== TASK TO COMPLETE ==
Please determine the number of lines in the material below that contain the word "most", and state it alone.

== RECORDS SHOWN ==
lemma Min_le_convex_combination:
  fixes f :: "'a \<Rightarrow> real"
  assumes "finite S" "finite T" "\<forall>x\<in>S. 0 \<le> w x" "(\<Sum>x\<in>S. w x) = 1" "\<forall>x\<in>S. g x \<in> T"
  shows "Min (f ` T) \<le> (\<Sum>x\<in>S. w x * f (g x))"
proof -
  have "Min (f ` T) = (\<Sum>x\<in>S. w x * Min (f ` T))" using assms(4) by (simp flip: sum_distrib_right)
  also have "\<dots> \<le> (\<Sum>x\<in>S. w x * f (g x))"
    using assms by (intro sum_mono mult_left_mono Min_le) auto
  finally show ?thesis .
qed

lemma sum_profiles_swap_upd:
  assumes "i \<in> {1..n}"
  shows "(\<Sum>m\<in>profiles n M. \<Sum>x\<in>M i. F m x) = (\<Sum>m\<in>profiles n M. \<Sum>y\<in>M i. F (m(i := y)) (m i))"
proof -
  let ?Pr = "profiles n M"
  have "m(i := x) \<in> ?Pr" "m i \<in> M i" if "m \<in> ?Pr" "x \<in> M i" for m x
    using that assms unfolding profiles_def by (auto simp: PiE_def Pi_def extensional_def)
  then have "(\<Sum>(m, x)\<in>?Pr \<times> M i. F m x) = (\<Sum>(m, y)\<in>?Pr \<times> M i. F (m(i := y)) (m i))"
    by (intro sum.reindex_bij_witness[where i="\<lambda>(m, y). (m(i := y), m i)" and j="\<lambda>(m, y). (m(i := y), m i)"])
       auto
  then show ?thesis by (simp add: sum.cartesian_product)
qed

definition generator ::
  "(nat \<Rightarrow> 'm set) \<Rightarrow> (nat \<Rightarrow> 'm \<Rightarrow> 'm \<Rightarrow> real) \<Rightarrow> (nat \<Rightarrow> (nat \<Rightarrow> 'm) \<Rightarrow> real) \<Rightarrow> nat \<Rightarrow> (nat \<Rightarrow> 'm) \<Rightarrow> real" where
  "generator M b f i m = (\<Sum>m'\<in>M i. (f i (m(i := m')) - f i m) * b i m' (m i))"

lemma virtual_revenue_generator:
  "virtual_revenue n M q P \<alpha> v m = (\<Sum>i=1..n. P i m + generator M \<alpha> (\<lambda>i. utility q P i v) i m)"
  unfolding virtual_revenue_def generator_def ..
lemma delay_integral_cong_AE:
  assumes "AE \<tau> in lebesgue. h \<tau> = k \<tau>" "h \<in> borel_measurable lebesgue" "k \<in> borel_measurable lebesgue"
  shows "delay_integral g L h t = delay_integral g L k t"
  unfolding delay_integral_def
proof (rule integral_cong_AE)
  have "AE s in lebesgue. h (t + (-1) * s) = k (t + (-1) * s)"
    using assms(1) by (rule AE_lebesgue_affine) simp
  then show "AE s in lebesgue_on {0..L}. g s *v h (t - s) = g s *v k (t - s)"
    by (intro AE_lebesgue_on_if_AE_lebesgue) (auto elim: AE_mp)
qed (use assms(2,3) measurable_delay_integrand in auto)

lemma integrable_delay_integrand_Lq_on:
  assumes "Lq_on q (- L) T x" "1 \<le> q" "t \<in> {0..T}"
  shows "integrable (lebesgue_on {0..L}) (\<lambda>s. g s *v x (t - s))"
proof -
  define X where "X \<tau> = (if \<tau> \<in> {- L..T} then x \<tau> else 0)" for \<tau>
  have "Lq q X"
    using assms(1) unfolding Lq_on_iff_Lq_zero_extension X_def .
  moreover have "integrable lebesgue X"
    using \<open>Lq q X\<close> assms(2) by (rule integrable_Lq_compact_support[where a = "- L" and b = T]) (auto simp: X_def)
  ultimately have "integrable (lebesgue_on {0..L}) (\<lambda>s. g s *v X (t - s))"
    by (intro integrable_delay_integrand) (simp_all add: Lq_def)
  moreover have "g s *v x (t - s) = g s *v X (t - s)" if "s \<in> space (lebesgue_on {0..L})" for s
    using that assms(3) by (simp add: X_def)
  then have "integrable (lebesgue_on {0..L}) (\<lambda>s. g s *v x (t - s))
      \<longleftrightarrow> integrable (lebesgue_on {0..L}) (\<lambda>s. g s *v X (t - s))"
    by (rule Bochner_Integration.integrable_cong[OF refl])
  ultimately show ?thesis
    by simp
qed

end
--
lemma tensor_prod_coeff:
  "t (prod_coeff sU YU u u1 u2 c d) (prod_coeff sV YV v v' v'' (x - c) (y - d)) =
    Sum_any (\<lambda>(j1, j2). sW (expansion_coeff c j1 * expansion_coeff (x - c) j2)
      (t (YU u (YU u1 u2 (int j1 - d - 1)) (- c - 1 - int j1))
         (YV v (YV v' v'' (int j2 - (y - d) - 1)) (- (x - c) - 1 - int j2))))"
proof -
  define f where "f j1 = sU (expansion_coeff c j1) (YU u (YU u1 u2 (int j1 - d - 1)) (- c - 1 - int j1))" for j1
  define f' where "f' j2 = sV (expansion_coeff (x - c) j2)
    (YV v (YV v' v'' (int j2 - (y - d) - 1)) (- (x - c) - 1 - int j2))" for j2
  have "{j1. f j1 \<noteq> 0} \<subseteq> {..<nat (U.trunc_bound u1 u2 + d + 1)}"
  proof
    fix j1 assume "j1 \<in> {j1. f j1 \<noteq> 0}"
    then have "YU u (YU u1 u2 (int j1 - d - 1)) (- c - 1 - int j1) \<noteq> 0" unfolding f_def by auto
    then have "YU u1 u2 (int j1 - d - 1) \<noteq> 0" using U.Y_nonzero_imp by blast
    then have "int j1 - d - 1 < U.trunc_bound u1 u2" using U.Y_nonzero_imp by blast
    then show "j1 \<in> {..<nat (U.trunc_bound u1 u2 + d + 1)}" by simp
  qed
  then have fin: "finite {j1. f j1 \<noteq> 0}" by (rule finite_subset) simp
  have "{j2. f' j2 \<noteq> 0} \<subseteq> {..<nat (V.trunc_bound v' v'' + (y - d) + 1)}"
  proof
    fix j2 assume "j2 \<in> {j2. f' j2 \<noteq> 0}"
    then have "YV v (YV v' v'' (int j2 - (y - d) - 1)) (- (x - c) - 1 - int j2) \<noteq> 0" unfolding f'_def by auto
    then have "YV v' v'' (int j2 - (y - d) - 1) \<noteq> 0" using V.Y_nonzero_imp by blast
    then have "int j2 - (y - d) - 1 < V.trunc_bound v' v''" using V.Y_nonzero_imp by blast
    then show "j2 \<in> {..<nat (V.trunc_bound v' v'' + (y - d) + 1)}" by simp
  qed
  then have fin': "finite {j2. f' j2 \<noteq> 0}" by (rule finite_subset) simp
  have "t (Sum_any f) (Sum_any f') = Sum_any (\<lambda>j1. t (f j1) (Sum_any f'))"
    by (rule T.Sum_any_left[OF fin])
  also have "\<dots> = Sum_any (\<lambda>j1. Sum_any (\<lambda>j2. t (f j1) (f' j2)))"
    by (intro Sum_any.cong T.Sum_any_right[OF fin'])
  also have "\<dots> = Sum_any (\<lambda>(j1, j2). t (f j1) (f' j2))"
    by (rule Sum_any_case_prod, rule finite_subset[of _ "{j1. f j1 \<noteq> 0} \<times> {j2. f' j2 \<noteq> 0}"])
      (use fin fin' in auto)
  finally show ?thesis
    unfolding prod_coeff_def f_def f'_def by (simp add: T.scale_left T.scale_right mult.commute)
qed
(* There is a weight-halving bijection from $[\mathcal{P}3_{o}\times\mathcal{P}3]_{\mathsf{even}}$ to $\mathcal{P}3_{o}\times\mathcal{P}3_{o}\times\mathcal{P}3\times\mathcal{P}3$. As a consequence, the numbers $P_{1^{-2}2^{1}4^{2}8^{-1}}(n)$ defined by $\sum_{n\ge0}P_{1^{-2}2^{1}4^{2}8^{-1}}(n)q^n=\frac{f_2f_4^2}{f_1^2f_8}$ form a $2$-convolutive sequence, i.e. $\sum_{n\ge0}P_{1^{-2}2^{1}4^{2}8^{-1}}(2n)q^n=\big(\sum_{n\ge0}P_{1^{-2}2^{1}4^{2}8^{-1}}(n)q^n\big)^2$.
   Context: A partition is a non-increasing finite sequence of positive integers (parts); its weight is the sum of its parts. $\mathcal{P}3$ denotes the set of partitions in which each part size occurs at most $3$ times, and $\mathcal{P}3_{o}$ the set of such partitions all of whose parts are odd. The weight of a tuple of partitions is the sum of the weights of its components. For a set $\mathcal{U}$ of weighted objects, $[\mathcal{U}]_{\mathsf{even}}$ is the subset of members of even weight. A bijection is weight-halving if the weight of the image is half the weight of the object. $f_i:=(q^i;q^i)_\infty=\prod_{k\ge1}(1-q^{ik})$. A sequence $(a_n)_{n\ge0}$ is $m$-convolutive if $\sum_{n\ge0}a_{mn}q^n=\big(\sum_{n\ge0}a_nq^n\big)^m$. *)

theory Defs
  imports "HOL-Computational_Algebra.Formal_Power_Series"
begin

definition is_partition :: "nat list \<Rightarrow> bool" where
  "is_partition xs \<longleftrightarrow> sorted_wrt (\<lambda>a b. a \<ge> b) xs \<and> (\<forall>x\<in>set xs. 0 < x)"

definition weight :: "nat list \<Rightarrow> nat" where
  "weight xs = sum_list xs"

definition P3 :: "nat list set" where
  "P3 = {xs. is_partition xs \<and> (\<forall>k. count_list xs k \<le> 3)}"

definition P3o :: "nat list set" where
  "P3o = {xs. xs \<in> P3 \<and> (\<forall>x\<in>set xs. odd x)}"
--
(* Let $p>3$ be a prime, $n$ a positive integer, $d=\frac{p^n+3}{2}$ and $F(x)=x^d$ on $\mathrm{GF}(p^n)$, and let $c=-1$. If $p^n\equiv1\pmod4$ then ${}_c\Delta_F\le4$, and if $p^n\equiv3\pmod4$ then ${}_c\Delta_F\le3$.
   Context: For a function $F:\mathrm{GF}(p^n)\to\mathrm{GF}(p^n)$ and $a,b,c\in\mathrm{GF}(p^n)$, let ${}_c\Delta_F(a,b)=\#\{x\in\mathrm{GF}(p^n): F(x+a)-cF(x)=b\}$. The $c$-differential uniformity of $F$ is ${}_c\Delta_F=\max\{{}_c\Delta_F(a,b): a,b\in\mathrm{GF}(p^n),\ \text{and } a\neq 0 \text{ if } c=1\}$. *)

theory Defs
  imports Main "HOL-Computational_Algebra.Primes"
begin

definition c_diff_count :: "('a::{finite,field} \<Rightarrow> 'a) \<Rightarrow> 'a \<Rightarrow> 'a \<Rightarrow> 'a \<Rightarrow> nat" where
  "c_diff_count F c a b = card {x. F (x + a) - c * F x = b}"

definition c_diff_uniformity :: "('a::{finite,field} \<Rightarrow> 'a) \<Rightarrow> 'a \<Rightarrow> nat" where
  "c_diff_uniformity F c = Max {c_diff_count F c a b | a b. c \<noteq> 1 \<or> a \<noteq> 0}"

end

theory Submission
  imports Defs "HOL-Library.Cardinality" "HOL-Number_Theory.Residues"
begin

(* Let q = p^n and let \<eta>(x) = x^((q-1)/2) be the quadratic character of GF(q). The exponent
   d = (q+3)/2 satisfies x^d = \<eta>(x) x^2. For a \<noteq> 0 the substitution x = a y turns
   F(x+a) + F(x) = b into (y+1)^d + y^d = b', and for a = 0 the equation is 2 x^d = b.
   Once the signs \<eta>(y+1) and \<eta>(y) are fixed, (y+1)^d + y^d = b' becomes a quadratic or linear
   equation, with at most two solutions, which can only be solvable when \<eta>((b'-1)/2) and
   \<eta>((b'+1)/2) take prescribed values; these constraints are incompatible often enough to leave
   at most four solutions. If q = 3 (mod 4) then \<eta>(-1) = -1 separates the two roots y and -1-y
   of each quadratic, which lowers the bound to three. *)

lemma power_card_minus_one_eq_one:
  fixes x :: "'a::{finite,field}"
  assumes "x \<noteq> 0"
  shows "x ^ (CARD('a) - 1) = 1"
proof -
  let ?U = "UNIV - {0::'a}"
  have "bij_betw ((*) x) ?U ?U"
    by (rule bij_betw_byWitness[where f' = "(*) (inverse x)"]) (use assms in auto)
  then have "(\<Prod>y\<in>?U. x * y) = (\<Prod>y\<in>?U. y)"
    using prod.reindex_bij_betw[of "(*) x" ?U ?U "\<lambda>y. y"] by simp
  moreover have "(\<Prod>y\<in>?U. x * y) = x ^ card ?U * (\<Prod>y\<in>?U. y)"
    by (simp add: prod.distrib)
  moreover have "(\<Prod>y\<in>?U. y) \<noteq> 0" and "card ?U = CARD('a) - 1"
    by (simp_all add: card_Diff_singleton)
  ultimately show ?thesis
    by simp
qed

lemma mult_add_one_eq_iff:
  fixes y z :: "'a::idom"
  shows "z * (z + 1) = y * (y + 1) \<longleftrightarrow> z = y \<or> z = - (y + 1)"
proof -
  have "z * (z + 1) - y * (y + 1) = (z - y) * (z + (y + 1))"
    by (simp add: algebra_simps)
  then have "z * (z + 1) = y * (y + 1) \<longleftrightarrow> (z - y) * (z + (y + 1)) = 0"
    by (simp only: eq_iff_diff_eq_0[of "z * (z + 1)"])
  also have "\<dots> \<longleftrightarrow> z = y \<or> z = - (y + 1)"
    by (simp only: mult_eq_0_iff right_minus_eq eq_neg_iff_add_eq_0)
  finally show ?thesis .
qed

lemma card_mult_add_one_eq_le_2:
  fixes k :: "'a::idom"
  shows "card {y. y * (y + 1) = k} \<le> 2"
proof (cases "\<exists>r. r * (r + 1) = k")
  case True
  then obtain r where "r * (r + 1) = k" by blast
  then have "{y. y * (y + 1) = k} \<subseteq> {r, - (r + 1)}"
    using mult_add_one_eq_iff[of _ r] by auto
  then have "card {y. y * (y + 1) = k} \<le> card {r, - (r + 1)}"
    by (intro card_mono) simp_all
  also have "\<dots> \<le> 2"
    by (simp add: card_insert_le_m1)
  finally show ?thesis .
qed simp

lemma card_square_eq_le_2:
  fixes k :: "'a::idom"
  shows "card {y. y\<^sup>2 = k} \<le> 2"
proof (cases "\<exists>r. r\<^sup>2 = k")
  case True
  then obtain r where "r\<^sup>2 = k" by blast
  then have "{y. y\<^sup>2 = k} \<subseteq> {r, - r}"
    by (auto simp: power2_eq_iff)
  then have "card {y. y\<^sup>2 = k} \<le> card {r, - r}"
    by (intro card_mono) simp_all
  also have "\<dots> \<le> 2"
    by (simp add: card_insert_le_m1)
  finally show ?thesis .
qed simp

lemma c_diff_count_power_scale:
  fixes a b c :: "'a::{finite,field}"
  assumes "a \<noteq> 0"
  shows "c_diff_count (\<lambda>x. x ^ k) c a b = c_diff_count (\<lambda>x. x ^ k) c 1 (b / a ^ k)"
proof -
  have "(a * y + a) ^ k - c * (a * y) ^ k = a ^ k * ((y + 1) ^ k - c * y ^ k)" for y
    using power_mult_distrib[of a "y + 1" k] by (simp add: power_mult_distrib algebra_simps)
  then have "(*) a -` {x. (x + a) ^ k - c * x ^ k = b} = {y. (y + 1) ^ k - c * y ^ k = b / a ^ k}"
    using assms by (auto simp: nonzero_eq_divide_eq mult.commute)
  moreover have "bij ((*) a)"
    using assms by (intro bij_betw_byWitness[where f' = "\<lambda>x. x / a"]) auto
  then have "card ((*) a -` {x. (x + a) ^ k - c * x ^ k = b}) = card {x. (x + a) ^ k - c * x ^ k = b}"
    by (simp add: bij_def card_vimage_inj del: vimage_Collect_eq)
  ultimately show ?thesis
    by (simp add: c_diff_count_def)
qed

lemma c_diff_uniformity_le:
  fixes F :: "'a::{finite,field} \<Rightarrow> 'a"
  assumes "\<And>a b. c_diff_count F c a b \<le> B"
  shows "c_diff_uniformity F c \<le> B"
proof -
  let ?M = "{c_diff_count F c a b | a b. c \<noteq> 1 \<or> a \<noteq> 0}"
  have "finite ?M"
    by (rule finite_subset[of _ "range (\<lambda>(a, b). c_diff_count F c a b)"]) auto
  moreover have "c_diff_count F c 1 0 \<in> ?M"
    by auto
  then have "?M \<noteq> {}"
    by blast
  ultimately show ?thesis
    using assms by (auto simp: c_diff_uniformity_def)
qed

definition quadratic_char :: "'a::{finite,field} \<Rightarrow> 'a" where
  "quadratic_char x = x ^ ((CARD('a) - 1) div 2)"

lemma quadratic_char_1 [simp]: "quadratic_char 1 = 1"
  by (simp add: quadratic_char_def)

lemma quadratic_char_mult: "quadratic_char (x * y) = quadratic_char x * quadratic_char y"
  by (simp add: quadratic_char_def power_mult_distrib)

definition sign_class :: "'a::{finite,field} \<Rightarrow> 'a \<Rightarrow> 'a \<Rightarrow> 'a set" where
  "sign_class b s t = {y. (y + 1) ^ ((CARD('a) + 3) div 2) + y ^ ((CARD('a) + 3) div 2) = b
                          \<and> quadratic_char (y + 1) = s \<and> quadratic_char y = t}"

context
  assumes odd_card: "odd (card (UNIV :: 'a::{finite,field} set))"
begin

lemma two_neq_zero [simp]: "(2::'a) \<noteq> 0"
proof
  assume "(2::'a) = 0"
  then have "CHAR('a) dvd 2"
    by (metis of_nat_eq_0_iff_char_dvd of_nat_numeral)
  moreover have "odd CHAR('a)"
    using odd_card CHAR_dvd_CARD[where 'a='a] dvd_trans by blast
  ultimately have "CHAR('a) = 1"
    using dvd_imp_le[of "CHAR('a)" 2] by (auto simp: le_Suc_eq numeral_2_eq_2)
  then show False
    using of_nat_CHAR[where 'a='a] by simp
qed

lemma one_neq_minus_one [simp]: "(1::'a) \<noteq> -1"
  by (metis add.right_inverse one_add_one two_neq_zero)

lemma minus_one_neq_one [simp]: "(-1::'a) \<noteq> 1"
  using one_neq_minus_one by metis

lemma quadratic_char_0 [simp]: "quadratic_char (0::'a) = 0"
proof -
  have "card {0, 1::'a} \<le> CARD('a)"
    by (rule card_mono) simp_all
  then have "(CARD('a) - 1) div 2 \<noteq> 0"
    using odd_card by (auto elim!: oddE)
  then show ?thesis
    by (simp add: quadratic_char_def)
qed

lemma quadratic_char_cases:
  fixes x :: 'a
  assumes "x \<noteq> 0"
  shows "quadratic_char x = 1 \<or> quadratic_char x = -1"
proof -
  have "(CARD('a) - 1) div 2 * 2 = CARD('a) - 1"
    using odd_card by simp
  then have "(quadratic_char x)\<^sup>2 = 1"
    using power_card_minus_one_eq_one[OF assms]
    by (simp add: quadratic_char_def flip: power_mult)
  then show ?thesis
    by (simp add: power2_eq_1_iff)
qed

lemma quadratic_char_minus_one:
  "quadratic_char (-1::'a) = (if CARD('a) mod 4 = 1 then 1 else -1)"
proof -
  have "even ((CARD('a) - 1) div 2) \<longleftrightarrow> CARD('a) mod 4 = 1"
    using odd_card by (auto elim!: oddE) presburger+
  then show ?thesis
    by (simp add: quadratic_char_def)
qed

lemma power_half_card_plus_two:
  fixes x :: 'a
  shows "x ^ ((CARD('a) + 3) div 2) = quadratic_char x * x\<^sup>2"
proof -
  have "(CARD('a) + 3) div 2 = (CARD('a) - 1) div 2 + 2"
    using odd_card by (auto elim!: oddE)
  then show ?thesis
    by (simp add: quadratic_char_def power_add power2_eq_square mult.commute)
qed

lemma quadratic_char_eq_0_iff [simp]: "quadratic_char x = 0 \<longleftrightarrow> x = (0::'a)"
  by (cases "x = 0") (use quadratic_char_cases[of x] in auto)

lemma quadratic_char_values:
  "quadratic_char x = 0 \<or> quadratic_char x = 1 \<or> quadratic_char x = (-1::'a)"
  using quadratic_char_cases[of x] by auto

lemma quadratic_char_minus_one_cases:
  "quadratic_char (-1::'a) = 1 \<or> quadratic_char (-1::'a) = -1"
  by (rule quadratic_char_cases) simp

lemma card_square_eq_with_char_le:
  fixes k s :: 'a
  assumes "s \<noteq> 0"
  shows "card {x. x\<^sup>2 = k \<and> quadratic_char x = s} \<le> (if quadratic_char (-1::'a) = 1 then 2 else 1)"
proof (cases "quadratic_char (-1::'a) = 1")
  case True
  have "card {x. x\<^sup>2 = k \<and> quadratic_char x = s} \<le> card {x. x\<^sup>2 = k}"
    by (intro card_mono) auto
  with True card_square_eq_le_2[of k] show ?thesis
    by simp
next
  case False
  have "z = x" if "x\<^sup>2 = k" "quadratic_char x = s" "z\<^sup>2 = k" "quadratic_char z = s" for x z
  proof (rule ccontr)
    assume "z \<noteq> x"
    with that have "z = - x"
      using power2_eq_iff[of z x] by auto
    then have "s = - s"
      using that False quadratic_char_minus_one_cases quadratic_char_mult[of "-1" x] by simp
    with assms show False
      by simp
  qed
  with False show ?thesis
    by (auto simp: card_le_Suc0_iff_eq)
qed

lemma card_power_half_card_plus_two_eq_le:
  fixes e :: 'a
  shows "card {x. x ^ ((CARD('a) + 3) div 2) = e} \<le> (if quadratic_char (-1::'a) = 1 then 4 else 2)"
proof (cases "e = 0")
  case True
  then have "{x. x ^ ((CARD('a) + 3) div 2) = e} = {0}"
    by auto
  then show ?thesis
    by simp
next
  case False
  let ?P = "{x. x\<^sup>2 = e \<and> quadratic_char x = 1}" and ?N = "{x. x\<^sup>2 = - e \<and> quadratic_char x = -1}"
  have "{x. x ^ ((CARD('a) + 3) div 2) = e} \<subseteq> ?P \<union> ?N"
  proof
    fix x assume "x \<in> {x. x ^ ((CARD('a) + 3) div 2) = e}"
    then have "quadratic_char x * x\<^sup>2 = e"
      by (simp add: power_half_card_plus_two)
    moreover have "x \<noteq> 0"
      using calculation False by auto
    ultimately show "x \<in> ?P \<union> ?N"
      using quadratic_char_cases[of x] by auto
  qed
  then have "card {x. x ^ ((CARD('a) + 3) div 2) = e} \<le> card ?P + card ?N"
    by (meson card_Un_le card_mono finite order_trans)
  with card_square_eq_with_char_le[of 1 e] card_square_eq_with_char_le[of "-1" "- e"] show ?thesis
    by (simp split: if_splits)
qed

== YOUR SOLUTION ==
3